→ **WHAT YOU WILL DO**: Records follow. Select each line holding "UNIV".

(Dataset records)
##############################
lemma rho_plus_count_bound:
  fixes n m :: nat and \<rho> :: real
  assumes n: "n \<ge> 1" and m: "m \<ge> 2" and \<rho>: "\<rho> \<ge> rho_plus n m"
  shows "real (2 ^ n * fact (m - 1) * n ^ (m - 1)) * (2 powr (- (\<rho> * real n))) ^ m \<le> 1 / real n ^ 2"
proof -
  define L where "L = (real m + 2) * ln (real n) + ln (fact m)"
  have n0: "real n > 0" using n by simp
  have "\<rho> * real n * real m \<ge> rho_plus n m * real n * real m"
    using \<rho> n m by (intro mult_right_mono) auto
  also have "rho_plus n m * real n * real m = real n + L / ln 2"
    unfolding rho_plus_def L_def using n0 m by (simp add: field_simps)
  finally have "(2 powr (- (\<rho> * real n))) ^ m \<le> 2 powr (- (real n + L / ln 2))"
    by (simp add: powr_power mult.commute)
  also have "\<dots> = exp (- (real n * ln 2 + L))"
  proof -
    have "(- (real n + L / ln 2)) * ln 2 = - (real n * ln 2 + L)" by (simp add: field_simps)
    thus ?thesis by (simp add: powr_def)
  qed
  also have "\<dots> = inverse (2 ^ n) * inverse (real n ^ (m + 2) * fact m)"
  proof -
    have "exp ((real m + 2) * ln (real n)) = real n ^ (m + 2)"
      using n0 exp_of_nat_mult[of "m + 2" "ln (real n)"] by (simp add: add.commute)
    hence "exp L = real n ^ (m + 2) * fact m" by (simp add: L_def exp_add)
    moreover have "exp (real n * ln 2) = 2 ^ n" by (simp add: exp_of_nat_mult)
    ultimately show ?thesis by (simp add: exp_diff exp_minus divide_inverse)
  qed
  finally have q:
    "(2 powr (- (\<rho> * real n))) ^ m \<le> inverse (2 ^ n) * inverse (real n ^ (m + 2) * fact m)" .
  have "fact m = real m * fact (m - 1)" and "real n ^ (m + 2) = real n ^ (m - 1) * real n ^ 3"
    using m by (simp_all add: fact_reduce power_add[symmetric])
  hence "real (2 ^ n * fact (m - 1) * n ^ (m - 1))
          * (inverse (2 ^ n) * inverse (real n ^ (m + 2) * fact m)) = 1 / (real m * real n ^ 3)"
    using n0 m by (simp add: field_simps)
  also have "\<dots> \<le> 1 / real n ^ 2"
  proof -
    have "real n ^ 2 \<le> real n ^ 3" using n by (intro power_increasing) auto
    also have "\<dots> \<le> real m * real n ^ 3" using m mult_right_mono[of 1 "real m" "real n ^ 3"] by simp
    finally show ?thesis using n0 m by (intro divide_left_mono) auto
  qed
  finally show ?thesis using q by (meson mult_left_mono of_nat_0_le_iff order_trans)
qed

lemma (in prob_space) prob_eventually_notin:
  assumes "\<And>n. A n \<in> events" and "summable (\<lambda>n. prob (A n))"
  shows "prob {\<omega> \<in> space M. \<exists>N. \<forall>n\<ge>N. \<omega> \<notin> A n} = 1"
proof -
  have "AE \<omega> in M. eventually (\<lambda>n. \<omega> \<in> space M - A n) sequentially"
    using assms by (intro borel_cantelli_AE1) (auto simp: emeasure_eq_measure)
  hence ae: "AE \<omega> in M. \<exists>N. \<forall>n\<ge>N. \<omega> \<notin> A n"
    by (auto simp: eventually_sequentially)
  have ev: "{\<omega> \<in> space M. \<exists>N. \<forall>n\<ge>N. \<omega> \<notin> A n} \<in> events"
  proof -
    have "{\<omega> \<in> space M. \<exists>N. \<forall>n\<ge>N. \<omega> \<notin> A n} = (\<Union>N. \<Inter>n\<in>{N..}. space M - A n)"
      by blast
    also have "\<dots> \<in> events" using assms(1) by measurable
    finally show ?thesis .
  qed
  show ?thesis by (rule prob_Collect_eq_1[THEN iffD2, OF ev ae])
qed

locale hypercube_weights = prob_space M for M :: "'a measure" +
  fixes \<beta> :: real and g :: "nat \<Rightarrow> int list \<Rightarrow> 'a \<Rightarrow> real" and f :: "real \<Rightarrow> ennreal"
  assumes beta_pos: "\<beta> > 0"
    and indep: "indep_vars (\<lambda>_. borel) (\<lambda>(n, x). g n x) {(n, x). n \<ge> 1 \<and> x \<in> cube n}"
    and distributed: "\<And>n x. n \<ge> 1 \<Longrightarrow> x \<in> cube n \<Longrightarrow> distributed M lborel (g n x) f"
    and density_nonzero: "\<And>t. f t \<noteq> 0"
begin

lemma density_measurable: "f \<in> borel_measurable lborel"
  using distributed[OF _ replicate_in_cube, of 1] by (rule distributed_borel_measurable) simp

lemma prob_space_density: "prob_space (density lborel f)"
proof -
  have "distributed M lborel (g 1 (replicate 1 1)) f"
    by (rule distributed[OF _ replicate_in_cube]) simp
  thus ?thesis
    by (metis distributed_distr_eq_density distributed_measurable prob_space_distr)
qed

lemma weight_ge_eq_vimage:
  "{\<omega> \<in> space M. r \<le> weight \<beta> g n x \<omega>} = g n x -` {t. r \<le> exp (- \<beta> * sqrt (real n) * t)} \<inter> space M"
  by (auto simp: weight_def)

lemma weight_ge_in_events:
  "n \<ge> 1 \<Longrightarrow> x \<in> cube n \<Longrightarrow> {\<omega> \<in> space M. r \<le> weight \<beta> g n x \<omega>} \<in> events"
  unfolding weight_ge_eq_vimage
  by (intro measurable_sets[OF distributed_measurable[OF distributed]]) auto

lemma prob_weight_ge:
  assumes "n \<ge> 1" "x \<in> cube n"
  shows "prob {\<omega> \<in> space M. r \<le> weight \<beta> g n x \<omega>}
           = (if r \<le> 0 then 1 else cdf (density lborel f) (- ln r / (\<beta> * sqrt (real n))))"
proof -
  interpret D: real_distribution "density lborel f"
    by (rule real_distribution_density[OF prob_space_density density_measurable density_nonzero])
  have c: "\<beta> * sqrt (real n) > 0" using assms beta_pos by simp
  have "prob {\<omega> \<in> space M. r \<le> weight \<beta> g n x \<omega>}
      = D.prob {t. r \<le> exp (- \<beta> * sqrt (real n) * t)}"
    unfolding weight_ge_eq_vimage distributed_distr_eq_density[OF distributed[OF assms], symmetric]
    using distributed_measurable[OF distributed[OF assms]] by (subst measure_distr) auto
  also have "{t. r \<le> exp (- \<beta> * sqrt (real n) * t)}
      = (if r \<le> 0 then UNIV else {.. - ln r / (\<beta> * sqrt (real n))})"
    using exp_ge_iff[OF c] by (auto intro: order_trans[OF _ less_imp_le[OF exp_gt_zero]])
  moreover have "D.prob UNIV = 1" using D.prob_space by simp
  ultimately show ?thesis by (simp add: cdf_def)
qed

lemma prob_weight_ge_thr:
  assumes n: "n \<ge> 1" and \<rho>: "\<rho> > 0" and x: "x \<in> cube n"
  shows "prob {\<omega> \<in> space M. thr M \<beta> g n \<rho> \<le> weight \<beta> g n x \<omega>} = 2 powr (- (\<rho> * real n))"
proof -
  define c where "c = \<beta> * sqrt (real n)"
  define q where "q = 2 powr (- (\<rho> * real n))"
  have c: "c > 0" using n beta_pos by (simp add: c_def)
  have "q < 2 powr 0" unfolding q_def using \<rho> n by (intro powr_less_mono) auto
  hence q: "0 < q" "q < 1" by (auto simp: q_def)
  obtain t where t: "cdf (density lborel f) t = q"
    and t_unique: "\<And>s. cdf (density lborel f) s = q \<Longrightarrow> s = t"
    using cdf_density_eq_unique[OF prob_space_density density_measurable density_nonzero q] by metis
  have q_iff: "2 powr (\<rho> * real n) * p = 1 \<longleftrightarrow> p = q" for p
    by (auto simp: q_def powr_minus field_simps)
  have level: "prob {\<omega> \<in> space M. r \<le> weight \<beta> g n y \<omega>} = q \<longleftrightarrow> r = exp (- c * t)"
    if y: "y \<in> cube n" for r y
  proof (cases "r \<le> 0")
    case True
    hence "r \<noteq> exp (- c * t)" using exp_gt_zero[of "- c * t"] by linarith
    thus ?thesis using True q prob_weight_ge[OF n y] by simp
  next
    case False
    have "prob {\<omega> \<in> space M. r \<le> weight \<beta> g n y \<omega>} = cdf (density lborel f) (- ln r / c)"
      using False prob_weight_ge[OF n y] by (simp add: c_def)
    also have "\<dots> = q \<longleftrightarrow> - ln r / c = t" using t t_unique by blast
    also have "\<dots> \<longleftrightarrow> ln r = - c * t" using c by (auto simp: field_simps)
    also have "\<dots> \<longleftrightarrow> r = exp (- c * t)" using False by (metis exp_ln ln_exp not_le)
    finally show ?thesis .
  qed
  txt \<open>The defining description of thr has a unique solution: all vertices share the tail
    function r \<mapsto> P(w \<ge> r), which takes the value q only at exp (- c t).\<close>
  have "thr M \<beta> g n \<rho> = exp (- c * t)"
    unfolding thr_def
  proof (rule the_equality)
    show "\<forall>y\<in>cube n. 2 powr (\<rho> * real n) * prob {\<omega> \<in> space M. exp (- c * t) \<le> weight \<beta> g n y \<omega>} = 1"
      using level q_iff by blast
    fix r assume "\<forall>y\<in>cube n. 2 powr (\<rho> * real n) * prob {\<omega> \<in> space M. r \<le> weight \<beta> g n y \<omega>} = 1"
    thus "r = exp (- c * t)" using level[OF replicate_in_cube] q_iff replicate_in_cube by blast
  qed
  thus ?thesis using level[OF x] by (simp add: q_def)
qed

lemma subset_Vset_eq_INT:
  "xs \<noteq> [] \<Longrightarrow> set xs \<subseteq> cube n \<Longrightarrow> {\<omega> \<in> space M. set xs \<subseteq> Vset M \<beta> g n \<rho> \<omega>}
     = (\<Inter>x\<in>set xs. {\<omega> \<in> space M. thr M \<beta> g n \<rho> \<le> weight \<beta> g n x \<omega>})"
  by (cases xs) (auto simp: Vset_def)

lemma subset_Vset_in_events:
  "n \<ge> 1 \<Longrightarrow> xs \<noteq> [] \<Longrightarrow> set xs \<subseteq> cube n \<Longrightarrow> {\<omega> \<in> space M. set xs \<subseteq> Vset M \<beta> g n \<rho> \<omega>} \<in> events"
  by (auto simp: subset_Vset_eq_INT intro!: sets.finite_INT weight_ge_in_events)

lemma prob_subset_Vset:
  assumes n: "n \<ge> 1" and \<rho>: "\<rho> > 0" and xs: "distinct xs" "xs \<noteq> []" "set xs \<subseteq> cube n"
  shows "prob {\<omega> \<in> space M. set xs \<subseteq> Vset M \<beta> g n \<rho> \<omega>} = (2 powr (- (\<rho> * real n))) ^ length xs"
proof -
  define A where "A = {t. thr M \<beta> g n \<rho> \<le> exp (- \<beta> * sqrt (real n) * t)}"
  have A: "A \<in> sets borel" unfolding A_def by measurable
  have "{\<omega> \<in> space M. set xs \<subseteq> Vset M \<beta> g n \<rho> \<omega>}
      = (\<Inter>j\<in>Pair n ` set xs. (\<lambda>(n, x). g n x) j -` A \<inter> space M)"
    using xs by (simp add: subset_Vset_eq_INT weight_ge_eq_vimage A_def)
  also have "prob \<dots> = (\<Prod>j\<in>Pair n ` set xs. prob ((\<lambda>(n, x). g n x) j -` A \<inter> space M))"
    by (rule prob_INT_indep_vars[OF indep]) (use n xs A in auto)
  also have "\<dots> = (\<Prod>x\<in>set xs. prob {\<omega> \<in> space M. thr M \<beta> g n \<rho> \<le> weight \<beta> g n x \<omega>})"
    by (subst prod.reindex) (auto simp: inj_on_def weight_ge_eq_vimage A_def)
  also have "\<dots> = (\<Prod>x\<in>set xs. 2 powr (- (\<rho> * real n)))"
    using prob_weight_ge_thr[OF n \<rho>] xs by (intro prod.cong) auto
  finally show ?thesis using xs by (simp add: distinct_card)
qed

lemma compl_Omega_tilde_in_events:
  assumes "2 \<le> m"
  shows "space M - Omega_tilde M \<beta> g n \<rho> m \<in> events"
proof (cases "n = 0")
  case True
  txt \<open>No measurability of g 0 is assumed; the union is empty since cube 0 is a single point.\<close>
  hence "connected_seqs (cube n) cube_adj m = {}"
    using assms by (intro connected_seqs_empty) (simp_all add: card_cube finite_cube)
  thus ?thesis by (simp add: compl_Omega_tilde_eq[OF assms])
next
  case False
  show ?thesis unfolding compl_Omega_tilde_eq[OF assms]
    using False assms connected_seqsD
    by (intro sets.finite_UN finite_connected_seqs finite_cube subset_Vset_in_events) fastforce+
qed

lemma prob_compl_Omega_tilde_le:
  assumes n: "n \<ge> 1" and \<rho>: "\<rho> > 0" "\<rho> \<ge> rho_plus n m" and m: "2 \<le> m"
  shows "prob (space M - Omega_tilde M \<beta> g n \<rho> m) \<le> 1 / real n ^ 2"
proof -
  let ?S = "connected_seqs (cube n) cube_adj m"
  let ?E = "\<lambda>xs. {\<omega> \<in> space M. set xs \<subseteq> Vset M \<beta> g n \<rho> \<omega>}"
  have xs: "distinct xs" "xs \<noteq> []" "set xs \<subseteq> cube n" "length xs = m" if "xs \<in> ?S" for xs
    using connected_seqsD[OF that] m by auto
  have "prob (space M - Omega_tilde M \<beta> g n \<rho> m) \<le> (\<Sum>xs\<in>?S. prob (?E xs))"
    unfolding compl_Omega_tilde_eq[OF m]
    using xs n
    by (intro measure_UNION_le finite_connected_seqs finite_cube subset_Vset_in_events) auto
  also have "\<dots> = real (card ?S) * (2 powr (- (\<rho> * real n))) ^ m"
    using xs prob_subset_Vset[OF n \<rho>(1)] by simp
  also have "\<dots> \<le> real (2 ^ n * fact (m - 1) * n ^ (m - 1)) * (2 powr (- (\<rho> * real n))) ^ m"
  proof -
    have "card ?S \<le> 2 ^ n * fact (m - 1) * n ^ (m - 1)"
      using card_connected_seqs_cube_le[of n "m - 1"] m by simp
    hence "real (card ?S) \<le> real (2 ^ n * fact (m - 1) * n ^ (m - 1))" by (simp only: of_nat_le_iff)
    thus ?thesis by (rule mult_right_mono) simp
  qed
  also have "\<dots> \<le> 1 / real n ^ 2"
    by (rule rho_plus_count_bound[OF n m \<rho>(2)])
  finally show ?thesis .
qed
##############################
→ **TASK OUTPUT**:
      = (if r \<le> 0 then UNIV else {.. - ln r / (\<beta> * sqrt (real n))})"
  moreover have "D.prob UNIV = 1" using D.prob_space by simp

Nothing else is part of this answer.